Self-Sustaining Lifestyle

There are many aspects of “the olden days” we feel a certain nostalgia for– a better connection with nature, strong communities, independence, and close families. These aspects can all be implemented today with one unifying goal: self-sustenance.

I spent many years on the side of a mountain in Alaska at the end of a dirt road. Having always lived in towns and cities, my family decided to make the most of our new home. My father taught us which berries were edible and how to hunt and fish. My mother taught us how to garden. Every fall she would have me and my sisters pick the ripe raspberries from the garden and the wild berries on the mountain so she could make jams, jellies and juices.

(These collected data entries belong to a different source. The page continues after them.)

lemma lipschitz_T_unitary_fixing_one:
  assumes "lipschitz_T_unitary M" "mob M qone = qone"
  obtains v where "v \<in> lipschitz_units" "M = QM v 0 0 v"
    | v where "v \<in> lipschitz_units" "M = QM 0 v v 0"
proof -
  obtain a b c d where M: "M = QM a b c d" by (cases M)
  have sum: "a + b = c + d"
    using assms(2) by (simp add: M quat_ops_ring_1 mult_qinv_eq_1_iff)
  have cb: "c = b" and da: "d = a" and norms: "qnormsq a + qnormsq b = 1"
    using T_unitary_fixing_one[OF _ sum] assms(1) by (simp_all add: M lipschitz_T_unitary_def)
  have a: "lipschitz_integral a" and b: "lipschitz_integral b"
    using assms(1) by (simp_all add: M lipschitz_T_unitary_def)
  obtain m n :: int where m: "qnormsq a = of_int m" and n: "qnormsq b = of_int n"
    using lipschitz_integral_qnormsq_Ints[OF a] lipschitz_integral_qnormsq_Ints[OF b]
    by (auto elim!: Ints_cases)
  have "0 \<le> m" "0 \<le> n"
    using m n qnormsq_nonneg[of a] qnormsq_nonneg[of b] by simp_all
  moreover have "m + n = 1"
    using norms m n by (metis of_int_add of_int_eq_1_iff)
  ultimately have "(m = 0 \<and> n = 1) \<or> (m = 1 \<and> n = 0)"
    by arith
  then have "(qnormsq a = 0 \<and> qnormsq b = 1) \<or> (qnormsq a = 1 \<and> qnormsq b = 0)"
    using m n by auto
  then show thesis
  proof (elim disjE conjE)
    assume "qnormsq a = 0" "qnormsq b = 1"
    then show thesis
      using that(2)[of b] lipschitz_unitsI[OF b] by (simp add: M cb da qnormsq_eq_0_iff)
  next
    assume "qnormsq a = 1" "qnormsq b = 0"
    then show thesis
      using that(1)[of a] lipschitz_unitsI[OF a] by (simp add: M cb da qnormsq_eq_0_iff)
  qed
qed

My first real job was on a vegetable farm. Aside from the camaraderie, the greatest benefit of working on that farm was all the free produce. After we were done with work for the day our boss would let us go into the fields and pick as much broccoli, cabbage, lettuce, beets, swiss-chard, potatoes and carrots as we could carry. My mother would then blanch, freeze, or can everything we brought home. In other words, my mother encouraged me and my sisters to work with the land to fill the pantry and freezers.

My father took us hunting and each year we eagerly awaited moose season. After a moose (or bear) was shot we harvested all of the meat. None of it went to waste. We would pack it out and spend two days processing all of it for the freezer and pantry shelves. Fishing was the same.

By the time I was 14 I knew how to ethically hunt, efficiently harvest large game, filet and process salmon, smoke meat, identify and harvest wild berries, search for other wild edibles (fiddle heads, rose hips, fireweed blossoms, etc.), and assist with the canning.

Why is all this important?

My husband and I want to become as self-sufficient as possible. While this may seem like a large goal, in reality, the steps to getting there are quite simple. Why should one shop at Meijer for produce when Morlock’s farm stand is open? Why buy milk from the store when your friends have a cow or goats? Why buy meat from Walmart when the local butcher shop buys from the farmers in the county and does everything in house? Spend the spring planting a garden and tend to it all summer to relish in its’ bounty in the fall. It is a lot easier to do a one-stop-shop at Walmart for meat, milk, eggs, produce, etc. but it is much more rewarding to not.

Some of this may not seem like it’s self-sufficient because you’re not doing everything yourself. However, that’s where the aforementioned highlights of the olden days come into play. When staying within your local community you will build relationships with the butcher, become friends with the old lady whose goat milk you buy, and look forward to the weekly visits from people who buy your chickens’ eggs. You are building community with the people surrounding you. Real relationships. By planting a garden you’re connecting with the earth in a very real way. By asking the old lady at church to teach you how to can jellies you are spreading joy of passing on valuable and hard-earned knowledge. And all of these things can be done with your children and passed on to them. Harvest season will become a family affair. Hunting season will be the highlight of the year when your oldest son gets his first deer and his siblings help him dress it and bring it home where we all take part in putting it up.

By becoming self-sufficient within the local community you’re becoming independent of supply-chain crises, building up positive relationships with those whom you live with, learning to work together as a family, and discovering how to work in union with God’s first book.

One thought on “Self-Sustaining Lifestyle

  1. I think you reveal an interesting paradox when you point out how being more self-sufficient actually helps you better recognize your dependence on others around you. While becoming independent from supply-chain crises, you are in better place to recognize your dependence on nature and your local community. It seems there is actually a greater humility required to choose to be as self-sufficient as possible because you are depending on the gifts of God’s first book–hoping that nature will take its course in your favor to give sun and rain to your garden, that the deer will cross your path when you are out hunting, that the chickens will have a normal cycle of fertility to consistently lay eggs for you, etc.

    It is easy to get complacent and entitled when you get everything neatly laid out for you in the store, usually with multiple options and brands for each item. When you choose to get things as locally as you can, it seems you can better live in that state of gratitude because you know and recognize the real things–soil, animals, persons–from which the good you enjoy have come.

    On the other side, maybe this is also a challenge for us to be more humbled and grateful when we cannot be as self-sufficient as we would like, and we are dependent on the natural resources and hard work of people from other places that we can’t know and recognize. The gift has come a greater distance, but it is still a gift of God’s first book. It’s just harder to recognize it as a gift when we have not cooperated with nature to see it come into being.

    Thanks for writing about this! It brings back some of our conversations about “soilty” and helps me better see that even our best self-sufficiency is really a greater dependence on God.